International Papers

Peace vs. Justice

Peace vs. Justice

If you missed the most recent installments of this column, here they are: posted Tuesday, Nov. 24, and Friday, Nov. 20.

Issues of justice and reparation for past abuses of human rights dominated much of the world’s press over the past few days. In Britain and the rest of western Europe, the crisis over the detention of Gen. Augusto Pinochet remained a hot story. Several British Sunday papers reported an imminent deal between Britain and Chile that would allow the general to be sent home to face trial there. “Ministers back Chile offer to try Pinochet” was the main front-page headline in the Observer, and “Labour in secret deal to send Pinochet home” was the headline in the Sunday Telegraph.

But this potential face-saving way out of the crisis was dismissed in Monday’s papers, which reported that no deal had been reached. The Times said that the only possible grounds by which British Home Secretary Jack Straw (the British equivalent of the interior minister) could now refuse proceedings for Pinochet’s extradition to Spain were compassionate ones, taking into account his age and health, but this argument was rejected in an editorial in the Guardian. “The Chilean foreign minister’s ‘offer’ that Pinochet stands trial at home kills the health question: if he is well enough to stand trial there, why not here and in Spain?” the Guardian said.

On its front page, the Guardian claimed Monday that the United States is “quietly putting pressure on the British Government” to have Pinochet sent home. “The US Secretary of State, Madeleine Albright, has raised the issue twice in the last fortnight with the Foreign Secretary, Robin Cook,” it said, adding that Washington’s involvement has added to the British government’s dilemma. The Independent, another British liberal daily, led its front page Monday with a report that Straw would face a “huge revolt” within the governing Labor Party if he allowed Pinochet to return home. The British press has been divided on the issue along political lines, with the conservative Times and Daily Telegraph calling for Pinochet’s repatriation and the Guardian and the Independent opposing it.

On the continent, last week’s decision by the British Law Lords to deny Pinochet immunity from extradition to Spain was heralded as one of major international importance.
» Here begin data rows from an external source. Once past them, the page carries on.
(* Let $E$ be an elliptic curve, let $V$ be an algebraic subvariety of $E^n$ and let $\phi:E^n\to E^n$ be an isogeny. Then: (i) $\mathrm{Stab}\,\phi^{-1}(V)=\phi^{-1}(\mathrm{Stab}\,V)$; (ii) if $\hat\phi:E^n\to E^n$ is an isogeny and $a\in\mathrm{End}(E)$ is such that $\hat\phi\phi=\phi\hat\phi=[a]$, then $$\left|\mathrm{Stab}\,\hat\phi^{-1}(V)\cap\ker[a]\right|=|\ker\hat\phi|\cdot\left|\mathrm{Stab}\,V\cap\ker\phi\right|.$$
   Context: For a subvariety $X\subseteq E^n$, $\mathrm{Stab}\,X=\{t\in E^n : X+t\subseteq X\}$. $[a]$ denotes multiplication by $a$ on $E^n$, and $|S|$ denotes the cardinality of a finite set $S$. *)

theory Defs
  imports "HOL-Analysis.Analysis"
begin

text \<open>Abstract model: the elliptic curve E is modelled by its (divisible) abelian group of
points, a type 'a of class ab_group_add; E^n is "'a ^ 'n" with 'n a finite index type.\<close>

definition Stab :: "('a::ab_group_add) set \<Rightarrow> 'a set" where
  "Stab X = {t. (\<lambda>x. x + t) ` X \<subseteq> X}"

definition additive_map :: "('a::ab_group_add \<Rightarrow> 'b::ab_group_add) \<Rightarrow> bool" where
  "additive_map f \<longleftrightarrow> (\<forall>x y. f (x + y) = f x + f y)"

definition ker :: "('a \<Rightarrow> 'b::zero) \<Rightarrow> 'a set" where
  "ker f = {x. f x = 0}"

definition isogeny :: "('a::ab_group_add \<Rightarrow> 'b::ab_group_add) \<Rightarrow> bool" where
  "isogeny f \<longleftrightarrow> additive_map f \<and> surj f \<and> finite (ker f)"

definition End :: "('a::ab_group_add \<Rightarrow> 'a) set" where
  "End = {a. additive_map a}"

definition mult_end :: "('a \<Rightarrow> 'a) \<Rightarrow> 'a ^ 'n \<Rightarrow> 'a ^ 'n" where
  "mult_end a x = (\<chi> i. a (x $ i))"

end

theory Submission
  imports Defs
begin

text \<open>Translation by t stabilises \<phi>^-1(V) exactly when translation by \<phi>(t) stabilises V,
  because \<phi> is additive and surjective. Every fibre of an isogeny is a coset of its kernel, so
  taking preimages multiplies cardinalities by |ker \<phi>|. For (ii), \<phi>\<psi> = [a] gives
  ker [a] = \<psi>^-1(ker \<phi>); together with (i) for \<psi>, the set on the left is
  \<psi>^-1(Stab V \<inter> ker \<phi>).\<close>

lemma additive_map_iff_additive: "additive_map f \<longleftrightarrow> Modules.additive f"
  by (simp add: additive_map_def Modules.additive_def)

lemma Stab_vimage:
  assumes "Modules.additive f" and "surj f"
  shows "Stab (f -` V) = f -` Stab V"
proof (rule set_eqI)
  fix t
  have "t \<in> Stab (f -` V) \<longleftrightarrow> (\<forall>x. f x \<in> V \<longrightarrow> f x + f t \<in> V)"
    by (simp add: Stab_def image_subset_iff additive.add[OF assms(1)]) blast
  also have "\<dots> \<longleftrightarrow> (\<forall>y \<in> V. y + f t \<in> V)"
    using \<open>surj f\<close> by (metis surjD)
  also have "\<dots> \<longleftrightarrow> t \<in> f -` Stab V"
    by (auto simp: Stab_def)
  finally show "t \<in> Stab (f -` V) \<longleftrightarrow> t \<in> f -` Stab V" .
qed

lemma vimage_singleton_eq_translate_ker:
  assumes "Modules.additive f" and "f x\<^sub>0 = s"
  shows "f -` {s} = (\<lambda>k. k + x\<^sub>0) ` ker f"
proof (intro set_eqI iffI)
  fix x assume "x \<in> f -` {s}"
  then have "x - x\<^sub>0 \<in> ker f"
    using assms by (simp add: ker_def additive.diff)
  then show "x \<in> (\<lambda>k. k + x\<^sub>0) ` ker f"
    by (rule rev_image_eqI) simp
next
  fix x assume "x \<in> (\<lambda>k. k + x\<^sub>0) ` ker f"
  then show "x \<in> f -` {s}"
    using assms by (auto simp: ker_def additive.add)
qed

lemma card_vimage_singleton:
  assumes "Modules.additive f" and "s \<in> range f"
  shows "card (f -` {s}) = card (ker f)"
proof -
  obtain x\<^sub>0 where "f x\<^sub>0 = s" using assms(2) by blast
  then have "f -` {s} = (\<lambda>k. k + x\<^sub>0) ` ker f"
    by (rule vimage_singleton_eq_translate_ker[OF assms(1)])
  then show ?thesis
    by (simp add: card_image)
qed

lemma finite_vimage_singleton:
  assumes "Modules.additive f" and "finite (ker f)"
  shows "finite (f -` {s})"
proof (cases "s \<in> range f")
  case True
  then obtain x\<^sub>0 where "f x\<^sub>0 = s" by blast
  then show ?thesis
    using assms by (simp add: vimage_singleton_eq_translate_ker)
next
  case False
  then have "f -` {s} = {}" by blast
  then show ?thesis by simp
qed

lemma card_vimage_isogeny:
  assumes "isogeny f" and "finite S"
  shows "card (f -` S) = card (ker f) * card S"
proof -
  have f: "Modules.additive f" "surj f" "finite (ker f)"
    using assms(1) by (auto simp: isogeny_def additive_map_iff_additive)
  have "card (f -` S) = card (\<Union>s\<in>S. f -` {s})"
    by (metis vimage_eq_UN)
  also have "\<dots> = (\<Sum>s\<in>S. card (f -` {s}))"
    using assms(2) finite_vimage_singleton[OF f(1,3)] by (intro card_UN_disjoint) auto
  also have "\<dots> = (\<Sum>s\<in>S. card (ker f))"
    using f by (intro sum.cong) (simp_all add: card_vimage_singleton)
  finally show ?thesis by simp
qed

lemma ker_comp: "ker (g \<circ> f) = f -` ker g"
  by (auto simp: ker_def)

theorem lemma3p2:
  fixes V :: "('a::ab_group_add ^ 'n) set"
    and \<phi> :: "'a ^ 'n \<Rightarrow> 'a ^ 'n"
  assumes "isogeny \<phi>"
  shows "Stab (\<phi> -` V) = \<phi> -` (Stab V) \<and>
    (\<forall>(\<psi> :: 'a ^ 'n \<Rightarrow> 'a ^ 'n) (a :: 'a \<Rightarrow> 'a).
       isogeny \<psi> \<and> a \<in> End \<and> \<psi> \<circ> \<phi> = mult_end a \<and> \<phi> \<circ> \<psi> = mult_end a \<longrightarrow>
       card (Stab (\<psi> -` V) \<inter> ker (mult_end a)) = card (ker \<psi>) * card (Stab V \<inter> ker \<phi>))"
proof (intro conjI allI impI)
  show "Stab (\<phi> -` V) = \<phi> -` Stab V"
    using assms by (simp add: Stab_vimage isogeny_def additive_map_iff_additive)
next
  fix \<psi> :: "'a ^ 'n \<Rightarrow> 'a ^ 'n" and a :: "'a \<Rightarrow> 'a"
  assume "isogeny \<psi> \<and> a \<in> End \<and> \<psi> \<circ> \<phi> = mult_end a \<and> \<phi> \<circ> \<psi> = mult_end a"
  then have \<psi>: "isogeny \<psi>" and "\<phi> \<circ> \<psi> = mult_end a" by simp_all
  then have "ker (mult_end a) = \<psi> -` ker \<phi>"
    by (metis ker_comp)
  moreover have "Stab (\<psi> -` V) = \<psi> -` Stab V"
    using \<psi> by (simp add: Stab_vimage isogeny_def additive_map_iff_additive)
  ultimately have "Stab (\<psi> -` V) \<inter> ker (mult_end a) = \<psi> -` (Stab V \<inter> ker \<phi>)"
    by simp
  moreover have "finite (Stab V \<inter> ker \<phi>)"
    using assms by (simp add: isogeny_def)
  ultimately show "card (Stab (\<psi> -` V) \<inter> ker (mult_end a)) = card (ker \<psi>) * card (Stab V \<inter> ker \<phi>)"
    by (simp only: card_vimage_isogeny[OF \<psi>])
qed

end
Spain’s El Mundo last Wednesday called it “a truly historic decision” in defense of human rights, but the conservative Le Figaro of Paris described it as “a bad decision” made under political pressure. “For the first time, perhaps, a juridically incompetent tribunal has rendered a verdict of universal significance,” it said. “Since no international tribunal exists to judge such events, the English took the place of this institution which it is now more than ever necessary to create.” Devoting two full pages to the issue on Thursday, Le Monde of Paris called Straw’s legal obligation to give a “well-motivated” decision on the matter an “almost impossible” one to fulfill.

On Sunday, Le Monde reported on an inside page that Pinochet’s lawyers were pleading “mental indisposition” as grounds for sending him home, but it devoted its front-page lead to Monday’s 44 nation Washington conference on the restitution to victims of the Holocaust of possessions stolen from them by the Nazis and their foreign collaborators, describing it as the most important such meeting ever held. It also published a long article on the new Paris Museum of the Art and History of Judaism, “which finally makes the Jewish cultural heritage enter into the collective French memory.”

In an editorial Monday, the same newspaper recalled the crimes against humanity committed by the Congolese dictator Laurent Désiré Kabila–held responsible by the United Nations for up to 300,000 deaths–who has been attending a Franco-African peace summit in Paris. Justifying his attendance, Le Monde said that “war brings inhumanity with it and peace is obviously the first condition of the rights of man.”

Pinochet was squeezed off the front pages of German and Italian newspapers Monday by the case of the Kurdish rebel leader Abdullah Ocalan, whom Italy has refused to extradite to Turkey because its laws forbid extradition of anyone to a country that practices the death penalty. Ocalan was arrested in Italy at Germany’s request, but Bonn has now dropped its request for his extradition and has jointly proposed with Italy that he be tried for terrorist crimes by a currently nonexistent international tribunal. Turkey remains furious, and most Italian papers led Monday on negotiations being held with Russia that would allow Ocalan be extradited to Moscow, the city from which he was expelled to Rome without any warning to the Italian government.

Germany’s Die Welt, under the front-page headline “1998–A Year of Catastrophes,” reported the Worldwatch Institute in Washington as saying that a record 32,000 people have already died this year in natural disasters around the world.